Lee County Manager Roger Desjarlais told reporters on Wednesday that changes were underway.

“We’re not sure yet, but our goal is to have a reservation system available within a week so that we don’t have 2,000 showing up on a site,” he said. .

In Broward County, north of Miami, seniors trying to get their coronavirus shots this week overwhelmed phone lines and administrators stopped making appointments after announcing they had been booked until February.

The state health department’s Broward office website also collapsed because it was unable to keep up with the high volume of inquiries.

Just south of Tampa, Christine Maxwell, a resident of Sarasota, said in a letter to the Tampa Bay Times: “This is utter chaos in Sarasota County.

Maxwell wrote that five hours after trying to make an appointment for a vaccine, the county health department suddenly announced that it would start vaccinating people over 65 “but all appointments were already taken”.

“They gave the paperwork process needed to get a vaccine as more supplies arrive and noted that an appointment is required, but did not share any information on how to get an appointment. Maxwell wrote. “What’s going on?”

The DeSantis administration did not immediately respond to a request for comment on the various dispensing snafus and for the latest count of the number of doses dispensed.

At a press conference on Wednesday, DeSantis admitted there had been problems with the release of the vaccine.

“There is obviously a crush of interested people,” he said. “Demand exceeds supply. On the one hand, that’s a good thing because it’s something that we wanted people to trust.

Jewett agreed.

“Although this is a frustrating situation, it can be taken as a potentially positive sign that many people want to get the vaccine after the first reports that many people might be reluctant or reluctant to get it,” he said. he declares.

DeSantis, a Republican who took office in 2019 with the strong backing of President Donald Trump, has come under heavy criticism for his state’s slow response to the pandemic and for publicly downplaying the danger.

In April, as states like New York were ravaged by Covid-19 as Florida reported far fewer cases, DeSantis claimed victory over the virus during a visit with Trump to the White House.

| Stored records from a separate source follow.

lemma (in abelian_group_hom) hom_finsum:
  assumes "finite A" "g \<in> A \<rightarrow> carrier G"
  shows "h (finsum G g A) = finsum H (\<lambda>a. h (g a)) A"
  using assms by (induction A rule: finite_induct) (auto simp: H.finsum_insert Pi_iff)

lemma linear_map_abelian_group_hom:
  assumes "module R M" "module R N" "linear_map R M N h"
  shows "abelian_group_hom M N h"
proof (rule abelian_group_homI)
  show M: "abelian_group M" and N: "abelian_group N"
    using assms(1,2) by (simp_all add: module_def)
  show "group_hom (add_monoid M) (add_monoid N) h"
    using assms(3) abelian_group.a_group[OF M] abelian_group.a_group[OF N]
    by (intro group_hom.intro group_hom_axioms.intro) (auto simp: linear_map_def hom_def)
qed

locale module_functor =
  fixes R :: "('r, 'x) ring_scheme" and M :: "'p::order \<Rightarrow> ('r, 'm) module"
    and f :: "'p \<Rightarrow> 'p \<Rightarrow> 'm \<Rightarrow> 'm"
  assumes is_functor: "is_functor R M f"
begin

lemma abelian_group_M: "abelian_group (M i)"
  using is_functor by (simp add: is_functor_def module_def)

lemma abelian_monoid_M: "abelian_monoid (M i)"
  using abelian_group_M by (rule abelian_group.axioms(1))

lemmas M_zero_closed = abelian_monoid.zero_closed[OF abelian_monoid_M]
lemmas M_add_closed = abelian_monoid.a_closed[OF abelian_monoid_M]
lemmas M_a_inv_closed = abelian_group.a_inv_closed[OF abelian_group_M]
lemmas M_r_zero = abelian_monoid.r_zero[OF abelian_monoid_M]

lemma M_a_inv_zero: "\<ominus>\<^bsub>M k\<^esub> \<zero>\<^bsub>M k\<^esub> = \<zero>\<^bsub>M k\<^esub>"
proof -
  interpret Mk: abelian_group "M k" by (rule abelian_group_M)
  show ?thesis by simp
qed

lemma M_add_a_inv_cancel:
  assumes "a \<in> carrier (M k)" "b \<in> carrier (M k)"
  shows "a \<oplus>\<^bsub>M k\<^esub> b \<oplus>\<^bsub>M k\<^esub> \<ominus>\<^bsub>M k\<^esub> b = a"
proof -
  interpret Mk: abelian_group "M k" by (rule abelian_group_M)
  show ?thesis
    using assms by (simp add: Mk.a_assoc Mk.r_neg)
qed

lemma f_hom: "j \<le> i \<Longrightarrow> abelian_group_hom (M j) (M i) (f j i)"
  using is_functor by (intro linear_map_abelian_group_hom) (auto simp: is_functor_def)

lemma f_closed: "j \<le> i \<Longrightarrow> x \<in> carrier (M j) \<Longrightarrow> f j i x \<in> carrier (M i)"
  by (rule abelian_group_hom.hom_closed[OF f_hom])

lemma f_add:
  "j \<le> i \<Longrightarrow> x \<in> carrier (M j) \<Longrightarrow> y \<in> carrier (M j) \<Longrightarrow>
    f j i (x \<oplus>\<^bsub>M j\<^esub> y) = f j i x \<oplus>\<^bsub>M i\<^esub> f j i y"
  by (rule abelian_group_hom.hom_add[OF f_hom])

lemma f_zero: "j \<le> i \<Longrightarrow> f j i \<zero>\<^bsub>M j\<^esub> = \<zero>\<^bsub>M i\<^esub>"
  by (rule abelian_group_hom.hom_zero[OF f_hom])

lemma f_a_inv: "j \<le> i \<Longrightarrow> x \<in> carrier (M j) \<Longrightarrow> f j i (\<ominus>\<^bsub>M j\<^esub> x) = \<ominus>\<^bsub>M i\<^esub> f j i x"
  by (rule abelian_group_hom.hom_a_inv[OF f_hom])

lemma f_comp: "k \<le> j \<Longrightarrow> j \<le> i \<Longrightarrow> x \<in> carrier (M k) \<Longrightarrow> f j i (f k j x) = f k i x"
  using is_functor by (simp add: is_functor_def)

abbreviation support :: "('p \<Rightarrow> 'm) \<Rightarrow> 'p set" where
  "support x \<equiv> {k. x k \<noteq> \<zero>\<^bsub>M k\<^esub>}"

lemma colim_fam_iff:
  "x \<in> colim_fam M i \<longleftrightarrow>
    (\<forall>k. x k \<in> carrier (M k)) \<and> (\<forall>k. x k \<noteq> \<zero>\<^bsub>M k\<^esub> \<longrightarrow> k < i) \<and> finite (support x)"
  unfolding colim_fam_def by blast

lemma colim_map_eq_finsum:
  assumes "\<And>k. x k \<in> carrier (M k)" "finite T" "support x \<subseteq> T" "T \<subseteq> {k. k < i}"
  shows "colim_map M f i x = (\<Oplus>\<^bsub>M i\<^esub>k\<in>T. f k i (x k))"
proof -
  interpret Mi: abelian_group "M i" by (rule abelian_group_M)
  show ?thesis unfolding colim_map_def
    by (rule Mi.add.finprod_mono_neutral_cong_left) (use assms f_closed f_zero in auto)
qed

lemma colim_map_closed: "x \<in> colim_fam M i \<Longrightarrow> colim_map M f i x \<in> carrier (M i)"
  unfolding colim_map_def
  by (rule abelian_monoid.finsum_closed[OF abelian_monoid_M]) (auto simp: colim_fam_iff f_closed)

lemma colim_fam_add:
  assumes "x \<in> colim_fam M i" "y \<in> colim_fam M i"
  shows "(\<lambda>m. x m \<oplus>\<^bsub>M m\<^esub> y m) \<in> colim_fam M i"
proof -
  have "support (\<lambda>m. x m \<oplus>\<^bsub>M m\<^esub> y m) \<subseteq> support x \<union> support y"
    using M_r_zero M_zero_closed assms by (auto simp: colim_fam_iff)
  with assms show ?thesis
    using M_add_closed by (auto simp: colim_fam_iff intro: finite_subset)
qed

lemma colim_map_add:
  assumes x: "x \<in> colim_fam M i" and y: "y \<in> colim_fam M i"
  shows "colim_map M f i (\<lambda>m. x m \<oplus>\<^bsub>M m\<^esub> y m) = colim_map M f i x \<oplus>\<^bsub>M i\<^esub> colim_map M f i y"
proof -
  interpret Mi: abelian_group "M i" by (rule abelian_group_M)
  let ?T = "support x \<union> support y"
  have T: "finite ?T" "?T \<subseteq> {k. k < i}" and xy: "\<And>k. x k \<in> carrier (M k)" "\<And>k. y k \<in> carrier (M k)"
    using x y by (auto simp: colim_fam_iff)
  have fx: "(\<lambda>k. f k i (x k)) \<in> ?T \<rightarrow> carrier (M i)" and fy: "(\<lambda>k. f k i (y k)) \<in> ?T \<rightarrow> carrier (M i)"
    using T xy by (auto intro!: f_closed simp: subset_iff less_imp_le)
  have "colim_map M f i (\<lambda>m. x m \<oplus>\<^bsub>M m\<^esub> y m) = (\<Oplus>\<^bsub>M i\<^esub>k\<in>?T. f k i (x k \<oplus>\<^bsub>M k\<^esub> y k))"
    using T xy M_r_zero M_zero_closed by (intro colim_map_eq_finsum) (auto intro: M_add_closed)
  also have "\<dots> = (\<Oplus>\<^bsub>M i\<^esub>k\<in>?T. f k i (x k) \<oplus>\<^bsub>M i\<^esub> f k i (y k))"
    using T xy fx fy by (intro Mi.finsum_cong') (auto simp: f_add less_imp_le)
  also have "\<dots> = (\<Oplus>\<^bsub>M i\<^esub>k\<in>?T. f k i (x k)) \<oplus>\<^bsub>M i\<^esub> (\<Oplus>\<^bsub>M i\<^esub>k\<in>?T. f k i (y k))"
    using fx fy by (rule Mi.finsum_addf)
  also have "\<dots> = colim_map M f i x \<oplus>\<^bsub>M i\<^esub> colim_map M f i y"
    using T xy by (simp add: colim_map_eq_finsum[symmetric])
  finally show ?thesis .
qed

lemma colim_fam_a_inv:
  assumes "x \<in> colim_fam M i"
  shows "(\<lambda>m. \<ominus>\<^bsub>M m\<^esub> x m) \<in> colim_fam M i"
proof -
  have "support (\<lambda>m. \<ominus>\<^bsub>M m\<^esub> x m) \<subseteq> support x"
    using M_a_inv_zero by auto
  then show ?thesis
    using assms M_a_inv_closed by (auto simp: colim_fam_iff intro: finite_subset)
qed

lemma colim_map_a_inv:
  assumes x: "x \<in> colim_fam M i"
  shows "colim_map M f i (\<lambda>m. \<ominus>\<^bsub>M m\<^esub> x m) = \<ominus>\<^bsub>M i\<^esub> colim_map M f i x"
proof -
  interpret Mi: abelian_group "M i" by (rule abelian_group_M)
  have S: "finite (support x)" "support x \<subseteq> {k. k < i}" and xc: "\<And>k. x k \<in> carrier (M k)"
    using x by (auto simp: colim_fam_iff)
  have "colim_map M f i (\<lambda>m. \<ominus>\<^bsub>M m\<^esub> x m) = (\<Oplus>\<^bsub>M i\<^esub>k\<in>support x. f k i (\<ominus>\<^bsub>M k\<^esub> x k))"
    using S xc M_a_inv_zero
    by (intro colim_map_eq_finsum) (auto intro: M_a_inv_closed)
  also have "\<dots> = (\<Oplus>\<^bsub>M i\<^esub>k\<in>support x. \<ominus>\<^bsub>M i\<^esub> f k i (x k))"
    using S xc by (intro Mi.finsum_cong') (auto simp: f_a_inv f_closed less_imp_le)
  also have "\<dots> = \<ominus>\<^bsub>M i\<^esub> colim_map M f i x"
    unfolding colim_map_def using S xc by (intro Mi.finsum_a_inv[symmetric]) (auto intro: f_closed less_imp_le)
  finally show ?thesis .
qed

lemma zero_in_colim_fam: "(\<lambda>m. \<zero>\<^bsub>M m\<^esub>) \<in> colim_fam M i"
  using M_zero_closed by (simp add: colim_fam_iff)

lemma colim_map_zero: "colim_map M f i (\<lambda>m. \<zero>\<^bsub>M m\<^esub>) = \<zero>\<^bsub>M i\<^esub>"
  by (simp add: colim_map_def abelian_monoid.finsum_empty[OF abelian_monoid_M])

lemma ImF_eq_colim_map_image: "ImF M f j = colim_map M f j ` colim_fam M j"
proof
  show "ImF M f j \<subseteq> colim_map M f j ` colim_fam M j"
  proof
    fix y assume "y \<in> ImF M f j"
    then obtain S x where y: "y = (\<Oplus>\<^bsub>M j\<^esub>k\<in>S. f k j (x k))" and S: "finite S" "S \<subseteq> {k. k < j}"
      and x: "\<forall>k\<in>S. x k \<in> carrier (M k)"
      unfolding ImF_def by blast
    interpret Mj: abelian_group "M j" by (rule abelian_group_M)
    define x' where "x' k = (if k \<in> S then x k else \<zero>\<^bsub>M k\<^esub>)" for k
    have x'c: "x' k \<in> carrier (M k)" for k
      using x M_zero_closed by (simp add: x'_def)
    have x'S: "support x' \<subseteq> S"
      by (auto simp: x'_def)
    have "colim_map M f j x' = (\<Oplus>\<^bsub>M j\<^esub>k\<in>S. f k j (x' k))"
      using x'c S(1) x'S S(2) by (rule colim_map_eq_finsum)
    also have "\<dots> = y"
      unfolding y using S x by (intro Mj.finsum_cong') (auto simp: x'_def intro!: f_closed)
    finally have "y = colim_map M f j x'" ..
    moreover have "x' \<in> colim_fam M j"
      using x'c x'S S by (auto simp: colim_fam_iff intro: finite_subset)
    ultimately show "y \<in> colim_map M f j ` colim_fam M j" ..
  qed
  show "colim_map M f j ` colim_fam M j \<subseteq> ImF M f j"
  proof
    fix y assume "y \<in> colim_map M f j ` colim_fam M j"
    then obtain x where "x \<in> colim_fam M j" and y: "y = colim_map M f j x" ..
    then have "finite (support x)" "support x \<subseteq> {k. k < j}" "\<forall>k\<in>support x. x k \<in> carrier (M k)"
      by (auto simp: colim_fam_iff)
    then show "y \<in> ImF M f j"
      unfolding y colim_map_def ImF_def by blast
  qed
qed

lemma ImF_subset_carrier: "ImF M f j \<subseteq> carrier (M j)"
  using colim_map_closed by (auto simp: ImF_eq_colim_map_image)

lemma zero_in_ImF: "\<zero>\<^bsub>M j\<^esub> \<in> ImF M f j"
  unfolding ImF_eq_colim_map_image using colim_map_zero[symmetric] zero_in_colim_fam by (rule image_eqI)

lemma ImF_add:
  assumes "y \<in> ImF M f j" "z \<in> ImF M f j"
  shows "y \<oplus>\<^bsub>M j\<^esub> z \<in> ImF M f j"
proof -
  from assms obtain u v where "u \<in> colim_fam M j" "v \<in> colim_fam M j"
    and "y = colim_map M f j u" "z = colim_map M f j v"
    unfolding ImF_eq_colim_map_image by blast
  then have "y \<oplus>\<^bsub>M j\<^esub> z = colim_map M f j (\<lambda>m. u m \<oplus>\<^bsub>M m\<^esub> v m)"
    and "(\<lambda>m. u m \<oplus>\<^bsub>M m\<^esub> v m) \<in> colim_fam M j"
    by (simp_all add: colim_map_add colim_fam_add)
  then show ?thesis
    unfolding ImF_eq_colim_map_image by (rule image_eqI)
qed

lemma ImF_a_inv:
  assumes "y \<in> ImF M f j"
  shows "\<ominus>\<^bsub>M j\<^esub> y \<in> ImF M f j"
proof -
  from assms obtain u where "u \<in> colim_fam M j" "y = colim_map M f j u"
    unfolding ImF_eq_colim_map_image by blast
  then have "\<ominus>\<^bsub>M j\<^esub> y = colim_map M f j (\<lambda>m. \<ominus>\<^bsub>M m\<^esub> u m)"
    and "(\<lambda>m. \<ominus>\<^bsub>M m\<^esub> u m) \<in> colim_fam M j"
    by (simp_all add: colim_map_a_inv colim_fam_a_inv)
  then show ?thesis
    unfolding ImF_eq_colim_map_image by (rule image_eqI)
qed

lemma ImF_finsum:
  assumes "finite A" "\<And>a. a \<in> A \<Longrightarrow> g a \<in> ImF M f j"
  shows "(\<Oplus>\<^bsub>M j\<^esub>a\<in>A. g a) \<in> ImF M f j"
  using assms
proof (induction A rule: finite_induct)
  case empty
  then show ?case
    using zero_in_ImF by (simp add: abelian_monoid.finsum_empty[OF abelian_monoid_M])
next
  case (insert a A)
  then have "g \<in> insert a A \<rightarrow> carrier (M j)"
    using ImF_subset_carrier by blast
  with insert show ?case
    by (simp add: abelian_monoid.finsum_insert[OF abelian_monoid_M] ImF_add)
qed

lemma ImF_AutF_reflect:
  assumes "\<alpha> \<in> AutF R M f j" "y \<in> carrier (M j)" "\<alpha> y \<in> ImF M f j"
  shows "y \<in> ImF M f j"
proof -
  interpret Mj: abelian_group "M j" by (rule abelian_group_M)
  from assms(1) have \<alpha>_hom: "abelian_group_hom (M j) (M j) \<alpha>"
    and \<alpha>_inj: "inj_on \<alpha> (carrier (M j))"
    and "\<forall>k. \<exists>\<beta>. k < j \<longrightarrow> bij_betw \<beta> (carrier (M k)) (carrier (M k)) \<and>
         (\<forall>x\<in>carrier (M k). \<alpha> (f k j x) = f k j (\<beta> x))"
    using is_functor
    by (auto simp: AutF_def is_functor_def bij_betw_def intro: linear_map_abelian_group_hom)
  then obtain \<beta> where \<beta>: "\<And>k. k < j \<Longrightarrow> bij_betw (\<beta> k) (carrier (M k)) (carrier (M k))"
    and \<alpha>_f: "\<And>k x. k < j \<Longrightarrow> x \<in> carrier (M k) \<Longrightarrow> \<alpha> (f k j x) = f k j (\<beta> k x)"
    by (metis order.strict_iff_not)
  obtain S w where \<alpha>y: "\<alpha> y = (\<Oplus>\<^bsub>M j\<^esub>k\<in>S. f k j (w k))" and S: "finite S" "S \<subseteq> {k. k < j}"
    and w: "\<forall>k\<in>S. w k \<in> carrier (M k)"
    using assms(3) unfolding ImF_def by blast
  define w' where "w' k = inv_into (carrier (M k)) (\<beta> k) (w k)" for k
  have w': "w' k \<in> carrier (M k)" "\<beta> k (w' k) = w k" if "k \<in> S" for k
    using that S w \<beta>[of k] unfolding w'_def
    by (auto intro: inv_into_into f_inv_into_f simp: bij_betw_def)
  let ?z = "\<Oplus>\<^bsub>M j\<^esub>k\<in>S. f k j (w' k)"
  have fw': "(\<lambda>k. f k j (w' k)) \<in> S \<rightarrow> carrier (M j)"
    using S w' by (auto intro!: f_closed)
  have "\<alpha> ?z = (\<Oplus>\<^bsub>M j\<^esub>k\<in>S. \<alpha> (f k j (w' k)))"
    using S(1) fw' by (rule abelian_group_hom.hom_finsum[OF \<alpha>_hom])
  also have "\<dots> = \<alpha> y"
    unfolding \<alpha>y using S w w' fw' \<alpha>_f by (intro Mj.finsum_cong') (auto intro!: f_closed)
  finally have "?z = y"
    using \<alpha>_inj fw' assms(2) by (auto dest: inj_onD)
  moreover have "?z \<in> ImF M f j"
    using S w' unfolding ImF_def by blast
  ultimately show ?thesis by simp
qed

“We haven’t seen an explosion of new cases,” DeSantis said on April 29, the same day he signed an executive order to begin reopening Florida after less than two months of quarantine.

But on Thursday, Florida had the third highest number of Covid-19 cases in the country with 1.3 million, according to the latest data from NBC News. In contrast, New York had 966,384.

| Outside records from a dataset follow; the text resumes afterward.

lemma moiety_conjugate_coord_proj:
  assumes "left_module s" "coordinate_module \<Omega> N" "moiety \<Omega> \<Sigma>"
  obtains x where "x \<in> End s N"
    "\<And>v. v \<in> N \<Longrightarrow> (\<lambda>i. coord_proj N \<Sigma> v i + x (coord_proj N \<Sigma> (x v)) i) = v"
proof -
  obtain t where inv: "\<And>i. t (t i) = i" and outside: "\<And>i. i \<notin> \<Omega> \<Longrightarrow> t i = i"
    and swap: "{i. t i \<in> \<Sigma>} \<inter> \<Omega> = (\<Omega> - \<Sigma>) \<inter> \<Omega>"
    using moiety_swap_involution[OF assms(3)] by blast
  have "reindex N t \<in> End s N"
    by (rule reindex_End[OF assms(1,2) inv outside])
  moreover have "(\<lambda>i. coord_proj N \<Sigma> v i + reindex N t (coord_proj N \<Sigma> (reindex N t v)) i) = v"
    if "v \<in> N" for v
    using reindex_coord_proj_reindex[OF assms(2) that inv outside] coord_proj_cong[OF assms(2) swap]
      coord_proj_add_complement[OF assms(2) that] by simp
  ultimately show ?thesis
    using that by blast
qed

lemma full_corner_representation:
  assumes "left_module s" "coordinate_module \<Omega> N" "full s N \<Omega> U \<Sigma>"
    and "y = coord_proj N \<Sigma>" and x: "x \<in> End s N"
    and split: "\<And>v. v \<in> N \<Longrightarrow> (\<lambda>i. y v i + x (y (x v)) i) = v"
    and f: "f \<in> End s N"
  shows "\<exists>u1\<in>U. \<exists>u2\<in>U. \<exists>u3\<in>U. \<exists>u4\<in>U. \<forall>v.
           f v = (\<lambda>i. y (u1 (y v)) i + x (y (u2 (y v))) i
                      + y (u3 (y (x v))) i + x (y (u4 (y (x v)))) i)"
proof -
  have zero: "(\<lambda>i. 0) \<in> N" using coordinate_module_zero[OF assms(2)] .
  have y: "y \<in> End s N"
    using assms(4) coord_proj_End[OF assms(1,2)] by simp
  note compress = full_compress[OF assms(1-3), folded assms(4)]
  obtain u1 where "u1 \<in> U" and u1: "\<And>v. y (u1 (y v)) = y (f (y v))"
    using compress[OF f] by blast
  obtain u2 where "u2 \<in> U" and u2: "\<And>v. y (u2 (y v)) = y (x (f (y v)))"
    using compress[OF End_comp[OF f x zero]] by blast
  obtain u3 where "u3 \<in> U" and u3: "\<And>v. y (u3 (y v)) = y (f (x (y v)))"
    using compress[OF End_comp[OF x f zero]] by blast
  obtain u4 where "u4 \<in> U" and u4: "\<And>v. y (u4 (y v)) = y (x (f (x (y v))))"
    using compress[OF End_comp[OF End_comp[OF x f zero] x zero]] by blast
  have "f v = (\<lambda>i. y (u1 (y v)) i + x (y (u2 (y v))) i
                 + y (u3 (y (x v))) i + x (y (u4 (y (x v)))) i)" for v
    unfolding u1 u2 u3 u4 by (rule End_corner_decomposition[OF zero f x y split])
  with \<open>u1 \<in> U\<close> \<open>u2 \<in> U\<close> \<open>u3 \<in> U\<close> \<open>u4 \<in> U\<close> show ?thesis
    by blast
qed

theorem lemma1:
  fixes s :: "'r::ring_1 \<Rightarrow> 'm::ab_group_add \<Rightarrow> 'm"
    and \<Omega> :: "'i set"
    and N :: "('i \<Rightarrow> 'm) set"
    and U :: "(('i \<Rightarrow> 'm) \<Rightarrow> ('i \<Rightarrow> 'm)) set"
  assumes "left_module s"
    and "\<exists>m::'m. m \<noteq> 0"
    and "infinite \<Omega>"
    and "N = prod_mod \<Omega> \<or> N = dsum_mod \<Omega>"
    and "U \<subseteq> End s N"
    and "\<exists>\<Sigma>. moiety \<Omega> \<Sigma> \<and> full s N \<Omega> U \<Sigma>"
  shows "\<exists>x\<in>End s N. \<exists>y\<in>End s N. \<forall>f\<in>End s N.
           \<exists>u1\<in>U. \<exists>u2\<in>U. \<exists>u3\<in>U. \<exists>u4\<in>U. \<forall>v.
             f v = (\<lambda>i. y (u1 (y v)) i + x (y (u2 (y v))) i
                        + y (u3 (y (x v))) i + x (y (u4 (y (x v)))) i)"
proof -
  have N: "coordinate_module \<Omega> N"
    using assms(4) by (simp add: coordinate_module_def)
  obtain \<Sigma> where moiety: "moiety \<Omega> \<Sigma>" and full: "full s N \<Omega> U \<Sigma>"
    using assms(6) by blast
  obtain x where x: "x \<in> End s N"
    and split: "\<And>v. v \<in> N \<Longrightarrow> (\<lambda>i. coord_proj N \<Sigma> v i + x (coord_proj N \<Sigma> (x v)) i) = v"
    using moiety_conjugate_coord_proj[OF assms(1) N moiety] by blast
  have y: "coord_proj N \<Sigma> \<in> End s N"
    by (rule coord_proj_End[OF assms(1) N])
  show ?thesis
    using full_corner_representation[OF assms(1) N full refl x split] x y by blast
qed

end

Experts weighed in on vaccine distribution issues on the same day the Florida Department of Health closed the book on 2020 by reporting 17,192 new confirmed cases of coronavirus, which would be the largest total in a day since the start. of the pandemic.

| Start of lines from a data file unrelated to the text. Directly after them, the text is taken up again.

lemma balanced_truncation_le:
  fixes c \<rho> \<gamma> q T :: real and D :: nat
  assumes c1: "c \<ge> 1" and c2: "D > 0 \<Longrightarrow> c \<ge> 2" and "\<rho> > 0" "\<gamma> > 0" "q \<ge> 0" "T \<ge> 0"
  defines "k0 \<equiv> nat \<lceil>\<gamma> * real D / (2 * (\<rho> + ln c))\<rceil>"
  shows "(\<Sum>k<k0. (c\<^sup>2) ^ k) * (q * exp (- \<gamma> * real D)) + T * exp (- 2 * \<rho> * real k0)
     \<le> (T + 2 * q) * exp (- (\<rho> * \<gamma> / (\<rho> + ln c)) * real D)"
proof -
  define x where "x = \<gamma> * real D / (2 * (\<rho> + ln c))"
  define E where "E = exp (- (\<rho> * \<gamma> / (\<rho> + ln c)) * real D)"
  have pos: "\<rho> + ln c > 0" using assms by (simp add: add_pos_nonneg)
  have x0: "x \<ge> 0" using assms pos by (simp add: x_def)
  have tail: "T * exp (- 2 * \<rho> * real k0) \<le> T * E"
  proof (rule mult_left_mono)
    have "2 * \<rho> * x \<le> 2 * \<rho> * real k0"
      using assms x0 unfolding k0_def x_def[symmetric] by (simp add: real_nat_ceiling_ge)
    moreover have "2 * \<rho> * x = (\<rho> * \<gamma> / (\<rho> + ln c)) * real D"
      using pos by (simp add: x_def field_simps)
    ultimately show "exp (- 2 * \<rho> * real k0) \<le> E" unfolding E_def by simp
  qed (use assms in simp)
  have head: "(\<Sum>k<k0. (c\<^sup>2) ^ k) * (q * exp (- \<gamma> * real D)) \<le> 2 * q * E"
  proof (cases "D = 0")
    case True
    then show ?thesis using assms by (simp add: k0_def E_def)
  next
    case False
    have "(\<Sum>k<k0. (c\<^sup>2) ^ k) * (q * exp (- \<gamma> * real D))
        \<le> 2 * exp (2 * x * ln c) * (q * exp (- \<gamma> * real D))"
      using sum_power_le_exp_ceiling[OF c2 x0] False assms
      unfolding k0_def x_def[symmetric] by (intro mult_right_mono) auto
    also have "\<dots> = 2 * q * exp (2 * x * ln c - \<gamma> * real D)"
      by (simp add: exp_diff exp_minus field_simps)
    also have "2 * x * ln c - \<gamma> * real D = - (\<rho> * \<gamma> / (\<rho> + ln c)) * real D"
      using pos by (simp add: x_def field_simps)
    finally show ?thesis unfolding E_def .
  qed
  show ?thesis using head tail unfolding E_def by (simp add: distrib_right)
qed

And while New York City still leads the country with 38,636 deaths from Covid-19, most of the 21,856 coronavirus deaths in Florida were reported after DeSantis eased state restrictions on the pandemic.

“Governor DeSantis is certainly playing a more active role on vaccines than he has taken in setting statewide rules for masks or other types of Covid restrictions,” a Jewett said.

Plus, Jewett said, DeSantis hopes to be re-elected in a few years.

“Politically, there is broad agreement among Republicans and Democrats and Trump supporters and opponents to make the Covid-19 vaccine available as quickly as possible,” Jewett said. “So politically Governor DeSantis has every reason to get involved and support him, and by most signs he has been.

“The deployment was not perfect, but in my opinion it was not a lack of effort on the part of the governor’s office,” Jewett said.